Nelson Mandela returned to his childhood village ahead of his 93rd birthday Monday as South Africa and the world prepared to honour the most celebrated living statesman on the planet.
For the third year, at the request of his charitable foundation, July 18 will be observed as Mandela Day, recognised by the United Nations as a global call to volunteer for good causes for 67 minutes — representing each year of Mandela’s life in active politics.
“It is hard to sum up Mandela’s achievements and contribution to the country’s struggle for freedom,” said Shadrack Gutto, of the Centre for African Renaissance Studies at the University of South Africa.
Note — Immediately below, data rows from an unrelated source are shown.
(* Let $v\in\mathrm{Box}(\Sigma_+)$ with $\gamma^v$ and $\gamma^v(t)$ ($t\in\mathcal I(y^v)$) as in the context. (i) If $1\notin\mathcal I(y^v)$, then $\mathcal S^{es}_+(\gamma^v)=\mathcal S_+(\gamma^v)$. If $1\in\mathcal I(y^v)$, then $\gamma^v(1)=\gamma^v$ and $\mathcal S_+(\gamma^v)\setminus\mathcal S^{es}_+(\gamma^v)=\mathcal S_-(\gamma^v)\setminus\mathcal S^{es}_-(\gamma^v)$. (ii) For every $t\in\mathcal I(y^v)$, the images of $\mathcal S^{es}_+(\gamma^v)$ and $\mathcal S^{es}_-(\gamma^v(t))$ under the projection $p:\mathbb L\to\mathbb L/\langle h\rangle$ coincide.
   Context: $N\cong\mathbb Z^d$ lattice, $\mathcal A=\{v_1,\dots,v_n\}\subset N$ generating $N$ with a homomorphism $\mathrm h:N\to\mathbb Z$, $\mathrm h(v_j)=1$; $\mathbb L=\{l\in\mathbb Z^n:\sum l_jv_j=0\}$; fix $\beta\in N$. $\Sigma_\pm$ are the fans supported on $\mathbb R_{\ge0}\mathrm{Conv}(\mathcal A)$ of two regular triangulations with vertices in $\mathcal A$ joined by an edge of the secondary polytope; there is a circuit $I$ with primitive relation $h\in\mathbb L$, $I_\pm=\{v_j:\pm h_j>0\}$, such that (with $\mathcal F\subset\mathcal A\setminus I$ separating if $\mathcal F\cup(I\setminus\{v\})$ generates a maximal cone of $\Sigma_\pm$ for all $v\in I_\pm$) $\Sigma_-$ arises from $\Sigma_+$ by replacing the maximal cones $\mathcal F\cup(I\setminus\{v\})$, $v\in I_+$, by $\mathcal F\cup(I\setminus\{v\})$, $v\in I_-$, for all separating $\mathcal F$; those cones are the essential maximal cones $\Sigma^{es}_\pm(d)$. $\mathrm{Box}(\Sigma_+)$: $v=\sum q^v_jv_j\in N$, $0\le q^v_j<1$, $q^v_j=0$ unless $v_j$ spans a ray of a fixed maximal cone of $\Sigma_+$; $y^v_j=e^{2\pi iq^v_j}$. $\mathcal I(r)=\{t\in\mathbb C^*:r_jt^{h_j}=1$ for some $j$ with $v_j\in I_-\}$. For $v\in\mathrm{Box}(\Sigma_+)$ choose $\gamma^v\in\mathbb Q^n$ with $e^{2\pi i\gamma^v_j}=y^v_j$ and $\sum\gamma^v_jv_j=\beta$; for each $t\in\mathcal I(y^v)$ (a root of unity) fix $\theta_t\in\mathbb Q$ with $e^{2\pi i\theta_t}=t$, with $\theta_1=0$, and set $\gamma^v(t)=\gamma^v+\theta_th$. For a fan $\Sigma$ (one of $\Sigma_\pm$), $\gamma\in\mathbb Q^n$ and $l\in\mathbb L$, $\mathrm{Supp}(l)=\{v_j:l_j+\gamma_j\notin\mathbb Z_{\ge0}\}$; $\mathcal S_\pm(\gamma)$ is the set of $l\in\mathbb L$ such that all elements of $\mathrm{Supp}(l)$ generate rays of one maximal cone of $\Sigma_\pm$, and $\mathcal S^{es}_\pm(\gamma)$ the set of $l$ such that this holds for one essential maximal cone of $\Sigma_\pm$. *)

theory Defs
  imports "HOL-Analysis.Analysis"
begin
(* If the probabilistic normed space $(\mathbb{R},\nu,\tau,\tau^* )$ (on the real line) is a topological vector space with respect to its strong topology, then it is strongly complete, i.e. every strongly Cauchy sequence in $\mathbb{R}$ strongly converges to a point of $\mathbb{R}$.
   Context: $\Delta^{+}$ is the set of functions $F:[-\infty,+\infty]\to[0,1]$ that are left-continuous on $\mathbb{R}$, nondecreasing, with $F(0)=0$ and $F(+\infty)=1$, ordered pointwise; $\varepsilon_0$ is the d.f. equal to $0$ for $x\le0$ and $1$ for $x>0$. A triangle function is a map $\tau:\Delta^+\times\Delta^+\to\Delta^+$ that is associative, commutative, nondecreasing in each argument, with unit $\varepsilon_0$. A PN space is a quadruple $(V,\nu,\tau,\tau^* )$ with $V$ a real vector space, $\tau\le\tau^*$ continuous triangle functions, and $\nu:V\to\Delta^+$ such that for all $p,q\in V$: (N1) $\nu_p=\varepsilon_0$ iff $p=\theta$; (N2) $\nu_{-p}=\nu_p$; (N3) $\nu_{p+q}\ge\tau(\nu_p,\nu_q)$; (N4) $\nu_p\le\tau^*(\nu_{\lambda p},\nu_{(1-\lambda)p})$ for all $\lambda\in[0,1]$. The strong topology is generated by the neighborhoods $N_p(\lambda)=\{q\in V:\nu_{p-q}(\lambda)>1-\lambda\}$, $\lambda>0$. A sequence $(p_n)$ strongly converges to $p$ if for every $\lambda>0$ there is $N$ with $p_n\in N_p(\lambda)$ for $n\ge N$; it is strongly Cauchy if for every $\lambda>0$ there is $N$ with $\nu_{p_n-p_m}(\lambda)>1-\lambda$ for all $m,n>N$. *)

theory Defs
  imports "HOL-Analysis.Analysis"
begin
(* Let $\mathcal S$ be a nonempty set of vertices and $o$ a vertex such that at least one $c\in\mathcal S$ has a directed path to $o$. Let $\delta_{\min}=\min_{c\in\mathcal S}\delta_{co}$. Assume the open loop $M(s)$ is strictly proper with relative degree $\chi=\deg(ap)-\deg(bq)\ge1$. Then the transfer function $$T_{\mathcal S o}(s)=e_o^T\big(I+M(s)L\big)^{-1}M(s)\sum_{c\in\mathcal S}e_c,$$ from a common input fed to all nodes of $\mathcal S$ to $y_o$, has relative degree $(\delta_{\min}+1)\chi$.
   Context: $\mathcal G$ is a weighted directed graph on $\{1,\dots,N\}$ with adjacency matrix $A=[a_{ij}]$. Here $a_{ij}>0$ if there is an arc from $j$ to $i$ and $a_{ij}=0$ otherwise (no self-loops). The Laplacian is $L=D-A$ with $D=\mathrm{diag}(\sum_j a_{ij})$. A directed path from $u$ to $w$ is a sequence of distinct vertices $u=v_0,\dots,v_\ell=w$ with an arc from $v_k$ to $v_{k+1}$ for each $k$, and $\ell$ is its length. $\delta_{uw}$ is the length of a shortest directed path from $u$ to $w$; it is $\infty$ if none exists. $e_i$ is the $i$-th canonical basis vector. $a,b,p,q$ are nonzero real polynomials and $M(s)=\frac{b(s)q(s)}{a(s)p(s)}$. The relative degree of a rational function is the degree of its denominator minus the degree of its numerator. *)

theory Defs
  imports "HOL-Computational_Algebra.Polynomial" "HOL-Computational_Algebra.Fraction_Field"
          "HOL-Library.Extended_Nat"
          "Jordan_Normal_Form.Gauss_Jordan_Elimination"
begin

text \<open>Vertices are 0..<N (the paper uses 1..N). The adjacency matrix is a function
  A :: nat => nat => real; A i j > 0 iff there is an arc from j to i.\<close>

definition arc :: "(nat \<Rightarrow> nat \<Rightarrow> real) \<Rightarrow> nat \<Rightarrow> nat \<Rightarrow> bool" where
  "arc A j i \<longleftrightarrow> A i j > 0"

text \<open>A directed path given as its list of vertices v0, ..., vl (distinct), length l = length - 1.\<close>
definition is_dpath :: "nat \<Rightarrow> (nat \<Rightarrow> nat \<Rightarrow> real) \<Rightarrow> nat list \<Rightarrow> bool" where
  "is_dpath N A vs \<longleftrightarrow> vs \<noteq> [] \<and> distinct vs \<and> set vs \<subseteq> {..<N} \<and>
     (\<forall>k. Suc k < length vs \<longrightarrow> arc A (vs ! k) (vs ! Suc k))"

definition dist_path :: "nat \<Rightarrow> (nat \<Rightarrow> nat \<Rightarrow> real) \<Rightarrow> nat \<Rightarrow> nat \<Rightarrow> enat" where
  "dist_path N A u w = Inf {enat (length vs - 1) | vs. is_dpath N A vs \<and> hd vs = u \<and> last vs = w}"

definition laplacian :: "nat \<Rightarrow> (nat \<Rightarrow> nat \<Rightarrow> real) \<Rightarrow> real mat" where
  "laplacian N A = mat N N (\<lambda>(i,j). (if i = j then (\<Sum>k<N. A i k) else 0) - A i j)"

type_synonym ratfun = "real poly fract"

definition const_rf :: "real \<Rightarrow> ratfun" where
  "const_rf x = Fract [:x:] 1"

text \<open>Relative degree: degree of denominator minus degree of numerator
  (independent of the chosen representation; meaningful for nonzero r).\<close>
definition rel_degree :: "ratfun \<Rightarrow> int" where
  "rel_degree r = (THE d. \<exists>n m. m \<noteq> 0 \<and> n \<noteq> 0 \<and> r = Fract n m \<and>
                         d = int (degree m) - int (degree n))"

end

theory Submission
  imports Defs "Jordan_Normal_Form.Determinant"
begin

text \<open>Relative degree is the valuation at infinity of the field of real rational functions.
  Since \<open>M\<close> has relative degree \<open>\<chi> \<ge> 1\<close>, the equation \<open>w = M u - M L w\<close> for
  \<open>w = (I + M L)\<^sup>-\<^sup>1 M u\<close> shows, by looking at an entry of \<open>w\<close> of least relative degree,
  that every entry of \<open>w\<close> has relative degree at least that of \<open>M u\<close>; with \<open>u = 0\<close> this
  gives invertibility of \<open>I + M L\<close>. Substituting the equation into itself yields the
  Neumann expansion \<open>w = \<Sum>k\<le>K. (-1)\<^sup>k M\<^sup>k\<^sup>+\<^sup>1 L\<^sup>k u\<close> up to an error of relative degree
  at least \<open>(K + 2) \<chi>\<close>. Because \<open>-L\<close> has nonnegative off-diagonal entries, \<open>(L\<^sup>k)\<^sub>o\<^sub>c\<close>
  vanishes for \<open>k < \<delta>\<^sub>c\<^sub>o\<close> and has sign \<open>(-1)\<^sup>k\<close> and is nonzero for \<open>k = \<delta>\<^sub>c\<^sub>o\<close>.
  So the first nonzero term of the expansion of \<open>w\<^sub>o\<close> is the one with \<open>k = \<delta>\<^sub>m\<^sub>i\<^sub>n\<close>, whose
  coefficient \<open>(L\<^sup>\<delta> u)\<^sub>o\<close> is a sum of terms of equal sign, not all zero; it has relative
  degree \<open>(\<delta>\<^sub>m\<^sub>i\<^sub>n + 1) \<chi>\<close> and dominates the rest.\<close>

section \<open>Relative degree of rational functions\<close>

lemma Fract_eq_0_iff: "d \<noteq> 0 \<Longrightarrow> Fract n d = 0 \<longleftrightarrow> n = 0"
  by (simp add: Zero_fract_def eq_fract)

lemma rel_degree_Fract:
  assumes "n \<noteq> 0" "d \<noteq> 0"
  shows "rel_degree (Fract n d) = int (degree d) - int (degree n)"
  unfolding rel_degree_def
proof (rule the_equality)
  fix e assume "\<exists>n' m. m \<noteq> 0 \<and> n' \<noteq> 0 \<and> Fract n d = Fract n' m \<and>
                       e = int (degree m) - int (degree n')"
  then obtain n' m where h: "m \<noteq> 0" "n' \<noteq> 0" "Fract n d = Fract n' m"
      "e = int (degree m) - int (degree n')" by blast
  have "n * m = n' * d" using h assms eq_fract(1) by blast
  hence "degree n + degree m = degree n' + degree d"
    using h assms by (metis degree_mult_eq)
  thus "e = int (degree d) - int (degree n)" using h by simp
qed (use assms in blast)

lemma rel_degree_mult:
  assumes "r \<noteq> 0" "s \<noteq> 0"
  shows "rel_degree (r * s) = rel_degree r + rel_degree s"
proof -
  obtain n1 d1 where "r = Fract n1 d1" "d1 \<noteq> 0" "n1 \<noteq> 0"
    using assms(1) by (cases r rule: Fract_cases_nonzero) auto
  moreover obtain n2 d2 where "s = Fract n2 d2" "d2 \<noteq> 0" "n2 \<noteq> 0"
    using assms(2) by (cases s rule: Fract_cases_nonzero) auto
  ultimately show ?thesis by (simp add: rel_degree_Fract degree_mult_eq)
qed

lemma rel_degree_1 [simp]: "rel_degree 1 = 0"
  using rel_degree_Fract[of 1 1] by (simp add: One_fract_def)

lemma rel_degree_power: "r \<noteq> 0 \<Longrightarrow> rel_degree (r ^ n) = int n * rel_degree r"
  by (induction n) (simp_all add: rel_degree_mult algebra_simps)

lemma rel_degree_uminus: "rel_degree (- r) = rel_degree r"
  by (cases r rule: Fract_cases_nonzero) (simp_all add: rel_degree_Fract)

lemma rel_degree_const_rf: "c \<noteq> 0 \<Longrightarrow> rel_degree (const_rf c) = 0"
  by (simp add: const_rf_def rel_degree_Fract)

lemma const_rf_eq_0_iff [simp]: "const_rf c = 0 \<longleftrightarrow> c = 0"
  by (simp add: const_rf_def Fract_eq_0_iff)

lemma const_rf_mult: "const_rf (x * y) = const_rf x * const_rf y"
  by (simp add: const_rf_def mult.commute)

lemma const_rf_0 [simp]: "const_rf 0 = 0"
  by (simp add: const_rf_def Zero_fract_def)

lemma const_rf_1 [simp]: "const_rf 1 = 1"
  by (simp add: const_rf_def One_fract_def one_pCons)

lemma const_rf_add: "const_rf (x + y) = const_rf x + const_rf y"
  by (simp add: const_rf_def)

lemma const_rf_sum: "const_rf (sum f I) = (\<Sum>i\<in>I. const_rf (f i))"
proof (induction I rule: infinite_finite_induct)
  case (insert x F)
  then show ?case by (simp add: const_rf_add)
qed simp_all

text \<open>\<open>rel_degree 0\<close> is a junk value, so \<open>0\<close> is declared to satisfy every bound.\<close>

definition rel_degree_ge :: "ratfun \<Rightarrow> int \<Rightarrow> bool" where
  "rel_degree_ge r k \<longleftrightarrow> r = 0 \<or> k \<le> rel_degree r"

lemma rel_degree_ge_0 [simp]: "rel_degree_ge 0 k"
  by (simp add: rel_degree_ge_def)

lemma rel_degree_geD: "rel_degree_ge r k \<Longrightarrow> r \<noteq> 0 \<Longrightarrow> k \<le> rel_degree r"
  by (simp add: rel_degree_ge_def)

lemma rel_degree_ge_mono: "rel_degree_ge r k \<Longrightarrow> k' \<le> k \<Longrightarrow> rel_degree_ge r k'"
  by (auto simp: rel_degree_ge_def)
(* For $\alpha>-1/2$ define the infinite matrix $h_{\mathbb{Z}}^{[\alpha]}$ by $$\big(h_{\mathbb{Z}}^{[\alpha]}\big)_{jk}=4^\alpha\int_0^1\sin^{2\alpha}\Big(\frac{\pi x}{2}\Big)\cos(|j-k|\pi x)\,\mathrm{d}x,\qquad j,k\in\mathbb{Z}.$$ For $n,m\in\mathbb{N}$ with $n\le m$ let $\Lambda_0=[-n,n]\cap\mathbb{Z}$ and $\Lambda=[-m,m]\cap\mathbb{Z}$, and let $h_\Lambda^{[\alpha]}=\iota_{\Lambda_0}^*(\overline{h}^{(q)}_\Lambda)^\alpha\iota_{\Lambda_0}$, with entries indexed by $j,k\in\{1,\dots,|\Lambda_0|\}$. Then, uniformly in $j,k\in\{1,\dots,|\Lambda_0|\}$, $$\big(h_\Lambda^{[\alpha]}\big)_{jk}=\big(h_{\mathbb{Z}}^{[\alpha]}\big)_{jk}+\mathcal{O}\Big(\frac{|\Lambda_0|}{|\Lambda|}\Big)\quad\text{for }\alpha\ge0,$$ $$\big(h_\Lambda^{[\alpha]}\big)_{jk}=\big(h_{\mathbb{Z}}^{[\alpha]}\big)_{jk}+\mathcal{O}\Big(\frac{|\Lambda|^{-2\alpha}+|\Lambda_0|^{1-2\alpha}}{|\Lambda|}\Big)\quad\text{for }\alpha\in(-1/2,0).$$
   Context: $\overline{h}^{(q)}_\Lambda$ is the $|\Lambda|\times|\Lambda|$ matrix with entries $2$ on the diagonal, $-1$ for $|x-y|=1$, and $0$ otherwise (positive definite); $\iota_{\Lambda_0}:\mathbb{R}^{|\Lambda_0|}\hookrightarrow\mathbb{R}^{|\Lambda|}$ is the canonical embedding corresponding to $\Lambda_0\subset\Lambda$. The $\mathcal{O}$-terms are bounded by a constant (depending on $\alpha$ only) times the displayed quantity, uniformly in $n\le m$ and $j,k$. *)

theory Defs
  imports "HOL-Analysis.Analysis"
begin

definition mat_rpow :: "'i set \<Rightarrow> ('i \<Rightarrow> 'i \<Rightarrow> real) \<Rightarrow> real \<Rightarrow> ('i \<Rightarrow> 'i \<Rightarrow> real)" where
  "mat_rpow I A a = (SOME B. \<exists>U d.
      (\<forall>i\<in>I. \<forall>j\<in>I. (\<Sum>l\<in>I. U l i * U l j) = (if i = j then 1 else 0)) \<and>
      (\<forall>l\<in>I. d l > 0) \<and>
      (\<forall>i\<in>I. \<forall>j\<in>I. A i j = (\<Sum>l\<in>I. U i l * d l * U j l)) \<and>
      (\<forall>i j. B i j = (if i \<in> I \<and> j \<in> I then (\<Sum>l\<in>I. U i l * d l powr a * U j l) else 0)))"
“A leader of Mandela’s calibre serves as a symbol of humility and selflessness,” said Gutto.
The ailing former president arrived at his childhood village of Qunu in the Eastern Cape on Thursday in a military medical aircraft.
His trip was done discreetly, the public and journalists were kept away.
It was unclear where Mandela would spend his birthday as his foundation refused to comment on his plans.
However he is expected to celebrate it with his family, which he has rarely left since a health scare in January when he was hospitalised for an acute respiratory infection.
He was last seen in public just before his last birthday, when he and his third wife Graca Machel made an appearance at the football World Cup final.
It’s a far cry from the fanfare that once greeted his birthday.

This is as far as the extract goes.